What you should do: Below are records; reproduce exactly the lines from the first through the one containing "and \<epsilon> \<rho>".

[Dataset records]
lemma decseq_eventually_small_steps:
  fixes u :: "nat \<Rightarrow> real"
  assumes "decseq u" "bdd_below (range u)" "0 < \<delta>"
  shows "\<forall>\<^sub>F k in sequentially. u k - \<delta> < u (Suc k)"
proof -
  have "u \<longlonglongrightarrow> Inf (range u)" using LIMSEQ_decseq_INF assms by blast
  then have "(\<lambda>k. u (Suc k) - u k) \<longlonglongrightarrow> Inf (range u) - Inf (range u)"
    by (intro tendsto_diff LIMSEQ_Suc)
  then have "\<forall>\<^sub>F k in sequentially. - \<delta> < u (Suc k) - u k"
    using assms(3) by (intro order_tendstoD(1)) auto
  then show ?thesis by eventually_elim simp
qed

locale smil =
  fixes f :: "real^'n::finite \<Rightarrow> real" and g :: "real^'n \<Rightarrow> real^'n"
    and X :: "(real^'n) set" and I :: "'n set" and l1 :: bool
    and \<epsilon> \<rho> \<kappa> \<kappa>m \<rho>1 \<rho>2 \<Delta>min \<Delta>max :: real
  assumes f_grad: "\<forall>x. (f has_derivative (\<lambda>h. g x \<bullet> h)) (at x)"
    and A2: "\<exists>f1 :: real^'n \<Rightarrow> real. \<exists>c :: real^'n.
               (\<forall>x y. (\<forall>i. i \<notin> I \<longrightarrow> x$i = y$i) \<longrightarrow> f1 x = f1 y) \<and>
               (\<forall>x. f x = f1 x + (\<Sum>i\<in>I. c$i * x$i))"
    and compact_region: "\<And>x \<Delta>. compact (X \<inter> plball l1 I x \<Delta>)"
    and eps_pos: "0 < \<epsilon>"
    and params: "0 < \<rho>" "\<rho> < 1" "0 < \<kappa>" "\<kappa> < 1" "0 < \<kappa>m" "\<kappa>m \<le> 1"
      "0 < \<Delta>min" "\<Delta>min \<le> \<Delta>max"
begin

Response to this exercise:
lemma decseq_eventually_small_steps:
  fixes u :: "nat \<Rightarrow> real"
  assumes "decseq u" "bdd_below (range u)" "0 < \<delta>"
  shows "\<forall>\<^sub>F k in sequentially. u k - \<delta> < u (Suc k)"
proof -
  have "u \<longlonglongrightarrow> Inf (range u)" using LIMSEQ_decseq_INF assms by blast
  then have "(\<lambda>k. u (Suc k) - u k) \<longlonglongrightarrow> Inf (range u) - Inf (range u)"
    by (intro tendsto_diff LIMSEQ_Suc)
  then have "\<forall>\<^sub>F k in sequentially. - \<delta> < u (Suc k) - u k"
    using assms(3) by (intro order_tendstoD(1)) auto
  then show ?thesis by eventually_elim simp
qed

locale smil =
  fixes f :: "real^'n::finite \<Rightarrow> real" and g :: "real^'n \<Rightarrow> real^'n"
    and X :: "(real^'n) set" and I :: "'n set" and l1 :: bool
    and \<epsilon> \<rho> \<kappa> \<kappa>m \<rho>1 \<rho>2 \<Delta>min \<Delta>max :: real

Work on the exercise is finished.